Manufacturing and Supply Chain Expert, Lisa Anderson, MBA, CSCP, CLTD, President of LMA Consulting Group Inc., predicts that supply chain disruption will continue well beyond 2024. LMA Consulting Group works with manufacturers and distributors on strategy and end-to-end supply chain transformation to maximize the customer experience and enable profitable, scalable, dramatic business growth.
“The supply chain disruption is real and will last for quite some time,” Anderson comments. Every supply chain is a complex set of connections that spans from the supplier’s suppliers to product or service accessibility for the end-user. “Let’s look at the ‘why’ of the disruption. If you remove industry nuances, there are three main causes of the disruption. The first cause is labor. The pandemic exacerbated the ongoing drain of skilled boomer workers, many of whom took early retirement. The pandemic also caused workers to reassess their priorities. That resulted in people deciding that they didn’t like their industry or job or their boss. This has manifested into what many are calling the Great Resignation,” Anderson says.
Labor shortages exist in almost every industry and position.
“Manufacturing, transportation, distribution, none of these industries are exempt. And, most of these industries affect the consumer, who has felt the supply chain pinch the worst,” she adds.
The second reason for supply chain disruption is misalignment.
“The pandemic caused a shift in demand. When people experienced an out-of-stock, they found new products that were either similar or better. This shift caused a supply chain misalignment: having the wrong products in the wrong places at the wrong time. So, even when the original products were in place, the demand was no longer there because it had shifted,” she says.

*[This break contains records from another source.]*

(* Let $s\ge 2$ and $0\le v\le s$ be integers. Consider all numbers $S(v,d,n)$ with $d,n$ nonnegative integers and $v+d+n=s$. Then $$\sum_{\substack{d,n\ge 0\\ d+n=s-v}} S(v,d,n)=\begin{cases}\binom{s-1}{2} & \text{if } v=0,\\[2pt] \binom{s-1}{v}+\binom{s-1}{v+2} & \text{if } v\ge 1.\end{cases}$$ Moreover, the number of pairs $(d,n)$ with $d+n=s-v$ for which $S(v,d,n)\neq 0$ is $s-2$ if $v=0$ and $s-v$ if $v\ge 1$.
   Context: Binomial convention: for integers $M,m$, $\binom{M}{m}=\frac{M!}{m!(M-m)!}$ if $0\le m\le M$, and $\binom{M}{m}=0$ otherwise (in particular whenever $M<0$ or $m<0$ or $m>M$). For nonnegative integers $v,d,n$ the hypersolid number is defined by $$S(v,d,n)=\binom{v+n-2}{v-1}+d\binom{v+n-2}{v}.$$ (So $S(0,d,n)=d$ for $n\ge2$ and $0$ for $n\in\{0,1\}$; $S(1,d,n)=1+d(n-1)$ for $n\ge1$ and $S(1,d,0)=0$; $S(v,d,0)=0$.) *)

theory Defs
  imports Main
begin

definition ibinom :: "int \<Rightarrow> int \<Rightarrow> nat" where
  "ibinom M m = (if 0 \<le> m \<and> m \<le> M then nat M choose nat m else 0)"

definition hypersolid :: "nat \<Rightarrow> nat \<Rightarrow> nat \<Rightarrow> nat" where
  "hypersolid v d n =
     ibinom (int v + int n - 2) (int v - 1) + d * ibinom (int v + int n - 2) (int v)"

end

theory Submission
  imports Defs
begin

(* The pairs (d, n) with d + n = m (where m = s - v) form the
   antidiagonal {(m - n, n) | n \<le> m}, so both the sum and the count reduce to
   statements about the single index n \<le> m.
   For v = 0 the hypersolid number is d when n \<ge> 2 and 0 otherwise, so the sum
   is \<Sum>_{2 \<le> n \<le> m} (m - n) = C(m-1, 2) and exactly the m - 1 indices n \<ge> 2
   contribute.
   For v = w + 1 the term with n = 0 vanishes and for n = k + 1 one gets
   C(w+k, w) + (m-k-1) C(w+k, w+1), which is positive.  Summing over k < m with
   the hockey-stick identity and its weighted version gives
   C(w+m, w+1) + C(w+m, w+3) = C(s-1, v) + C(s-1, v+2), and exactly the m
   indices n \<ge> 1 contribute. *)

lemma hypersolid_dim_zero: "hypersolid 0 d n = (if 2 \<le> n then d else 0)"
  by (auto simp: hypersolid_def ibinom_def)

lemma hypersolid_Suc_index_zero: "hypersolid (Suc w) d 0 = 0"
  by (auto simp: hypersolid_def ibinom_def)

lemma hypersolid_Suc_Suc:
  "hypersolid (Suc w) d (Suc k) = ((w + k) choose w) + d * ((w + k) choose (w + 1))"
proof -
  have top: "int (Suc w) + int (Suc k) - 2 = int (w + k)" by simp
  have low: "int (Suc w) - 1 = int w" by simp
  have first: "ibinom (int (w + k)) (int w) = (w + k) choose w"
    unfolding ibinom_def nat_int by simp
  have second: "ibinom (int (w + k)) (int (Suc w)) = (w + k) choose (w + 1)"
    unfolding ibinom_def nat_int by (auto simp: binomial_eq_0)
  show ?thesis by (simp only: hypersolid_def top low first second)
qed

lemma hypersolid_Suc_pos: "n \<noteq> 0 \<Longrightarrow> hypersolid (Suc w) d n \<noteq> 0"
  by (cases n) (auto simp: hypersolid_Suc_Suc)

lemma hockey_stick: "(\<Sum>k<m. (w + k) choose w) = (w + m) choose (w + 1)"
  by (induction m) (auto simp: binomial_Suc_Suc)

lemma hockey_stick_Suc: "(\<Sum>k<m. (w + k) choose (w + 1)) = (w + m) choose (w + 2)"
  by (induction m) (auto simp: binomial_Suc_Suc numeral_2_eq_2)

lemma weighted_hockey_stick:
  "(\<Sum>k<m. (m - (k + 1)) * ((w + k) choose (w + 1))) = (w + m) choose (w + 3)"
proof (induction m)
  case 0
  then show ?case by simp
next
  case (Suc m)
  have "(\<Sum>k<Suc m. (Suc m - (k + 1)) * ((w + k) choose (w + 1)))
      = (\<Sum>k<m. (m - k) * ((w + k) choose (w + 1)))"
    by simp
  also have "\<dots> = (\<Sum>k<m. (m - (k + 1)) * ((w + k) choose (w + 1)) + ((w + k) choose (w + 1)))"
  proof (rule sum.cong)
    fix k assume "k \<in> {..<m}"
    then have "m - k = (m - (k + 1)) + 1" by simp
    then show "(m - k) * ((w + k) choose (w + 1))
        = (m - (k + 1)) * ((w + k) choose (w + 1)) + ((w + k) choose (w + 1))"
      by (simp only: add_mult_distrib)
  qed simp
  also have "\<dots> = ((w + m) choose (w + 3)) + ((w + m) choose (w + 2))"
    using Suc.IH hockey_stick_Suc by (simp add: sum.distrib)
  also have "\<dots> = (w + Suc m) choose (w + 3)"
    by (simp add: binomial_Suc_Suc numeral_3_eq_3 numeral_2_eq_2)
  finally show ?case .
qed

lemma sum_tail_differences: "(\<Sum>n\<le>m. if 2 \<le> n then m - n else 0) = (m - 1) choose 2"
proof (induction m)
  case 0
  then show ?case by simp
next
  case (Suc m)
  have "(\<Sum>n\<le>Suc m. if 2 \<le> n then Suc m - n else 0)
      = (\<Sum>n\<le>m. if 2 \<le> n then Suc m - n else 0)"
    by simp
  also have "\<dots> = (\<Sum>n\<le>m. (if 2 \<le> n then m - n else 0) + (if 2 \<le> n then 1 else 0))"
    by (rule sum.cong) auto
  also have "\<dots> = ((m - 1) choose 2) + card {2..m}"
    using Suc.IH
    by (simp add: sum.distrib sum.If_cases Int_def atLeastAtMost_def atLeast_def
        atMost_def conj_commute)
  also have "\<dots> = (Suc m - 1) choose 2"
    by (cases m) (auto simp: binomial_Suc_Suc numeral_2_eq_2)
  finally show ?case .
qed

lemma antidiagonal_param: "{(d, n). d + n = (m::nat)} = (\<lambda>n. (m - n, n)) ` {..m}"
  by (auto simp: image_iff)

lemma antidiagonal_param_inj: "inj_on (\<lambda>n::nat. (m - n, n)) A"
  by (auto simp: inj_on_def)

lemma sum_antidiagonal:
  "(\<Sum>(d, n) \<in> {(d, n). d + n = (m::nat)}. f d n) = (\<Sum>n\<le>m. f (m - n) n)"
  unfolding antidiagonal_param by (subst sum.reindex[OF antidiagonal_param_inj]) simp

lemma card_antidiagonal:
  "card {(d, n). d + n = (m::nat) \<and> P d n} = card {n. n \<le> m \<and> P (m - n) n}"
proof -
  have "{(d, n). d + n = m \<and> P d n} = (\<lambda>n. (m - n, n)) ` {n. n \<le> m \<and> P (m - n) n}"
    by (auto simp: image_iff)
  then show ?thesis by (simp add: card_image[OF antidiagonal_param_inj])
qed

lemma dim_zero_sum: "(\<Sum>n\<le>m. hypersolid 0 (m - n) n) = (m - 1) choose 2"
  using sum_tail_differences[of m] by (simp add: hypersolid_dim_zero)

lemma dim_zero_card: "card {n. n \<le> m \<and> hypersolid 0 (m - n) n \<noteq> 0} = m - 2"
proof -
  have "{n. n \<le> m \<and> hypersolid 0 (m - n) n \<noteq> 0} = {2..<m}"
    by (auto simp: hypersolid_dim_zero)
  then show ?thesis by simp
qed

lemma dim_Suc_sum:
  "(\<Sum>n\<le>m. hypersolid (Suc w) (m - n) n) = ((w + m) choose (w + 1)) + ((w + m) choose (w + 3))"
proof -
  have "(\<Sum>n\<le>m. hypersolid (Suc w) (m - n) n) = (\<Sum>n<Suc m. hypersolid (Suc w) (m - n) n)"
    by (simp only: lessThan_Suc_atMost)
  also have "\<dots> = (\<Sum>k<m. hypersolid (Suc w) (m - Suc k) (Suc k))"
    by (subst sum.lessThan_Suc_shift) (simp add: hypersolid_Suc_index_zero)
  also have "\<dots> = (\<Sum>k<m. ((w + k) choose w) + (m - (k + 1)) * ((w + k) choose (w + 1)))"
    by (simp add: hypersolid_Suc_Suc)
  also have "\<dots> = ((w + m) choose (w + 1)) + ((w + m) choose (w + 3))"
    by (simp only: sum.distrib hockey_stick weighted_hockey_stick)
  finally show ?thesis .
qed

lemma dim_Suc_card: "card {n. n \<le> m \<and> hypersolid (Suc w) (m - n) n \<noteq> 0} = m"
proof -
  have "{n. n \<le> m \<and> hypersolid (Suc w) (m - n) n \<noteq> 0} = {1..m}"
  proof (intro set_eqI iffI)
    fix n assume "n \<in> {n. n \<le> m \<and> hypersolid (Suc w) (m - n) n \<noteq> 0}"
    then show "n \<in> {1..m}"
      using hypersolid_Suc_index_zero by (cases n) auto
  qed (use hypersolid_Suc_pos in auto)
  then show ?thesis by simp
qed

theorem theorem1:
  fixes s v :: nat
  assumes "s \<ge> 2" and "v \<le> s"
  shows "((\<Sum>(d, n) \<in> {(d, n). d + n = s - v}. hypersolid v d n) =
           (if v = 0 then ((s - 1) choose 2) else ((s - 1) choose v) + ((s - 1) choose (v + 2))))
       \<and> (card {(d, n). d + n = s - v \<and> hypersolid v d n \<noteq> 0} =
           (if v = 0 then s - 2 else s - v))"
proof -
  define m where "m = s - v"
  have sum_eq: "(\<Sum>(d, n) \<in> {(d, n). d + n = m}. hypersolid v d n)
      = (\<Sum>n\<le>m. hypersolid v (m - n) n)"
    by (rule sum_antidiagonal)
  have card_eq: "card {(d, n). d + n = m \<and> hypersolid v d n \<noteq> 0}
      = card {n. n \<le> m \<and> hypersolid v (m - n) n \<noteq> 0}"
    by (rule card_antidiagonal)
  show ?thesis
  proof (cases v)
    case 0
    then show ?thesis
      using sum_eq card_eq dim_zero_sum[of m] dim_zero_card[of m] m_def by simp
  next
    case (Suc w)
    have "s - 1 = w + m" using Suc assms m_def by simp
    then show ?thesis
      using Suc sum_eq card_eq dim_Suc_sum[where w = w and m = m] dim_Suc_card[where w = w and m = m] m_def
      by (simp add: numeral_3_eq_3)
  qed
qed

end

The most expensive reason for supply chain disruptions is equipment. “There is a shortage of equipment in all sectors. This includes chassis used to off-load trailers from ships. Trucks are in short supply, and laws are requiring equipment upgrades. Medical device equipment, farming and construction equipment, food processing equipment and equipment needed for technological upgrades are all in short supply,” Anderson notes.
“It all comes down to creating a never-ending supply chain circle, almost like the supply chain is chasing its proverbial tail. I don’t see that this is easily solvable by initiating new laws or enticing workers with more money. Sure, it can help, but it’s not an easy fix. It will take recognizing that there may be no new normal. Essentially, the supply chain will be in a constant state of evolution. The successful manufacturers will be adaptive, resilient and forward-thinking as they respond to changes in demand and recognize an ever-evolving supply chain,” she concludes.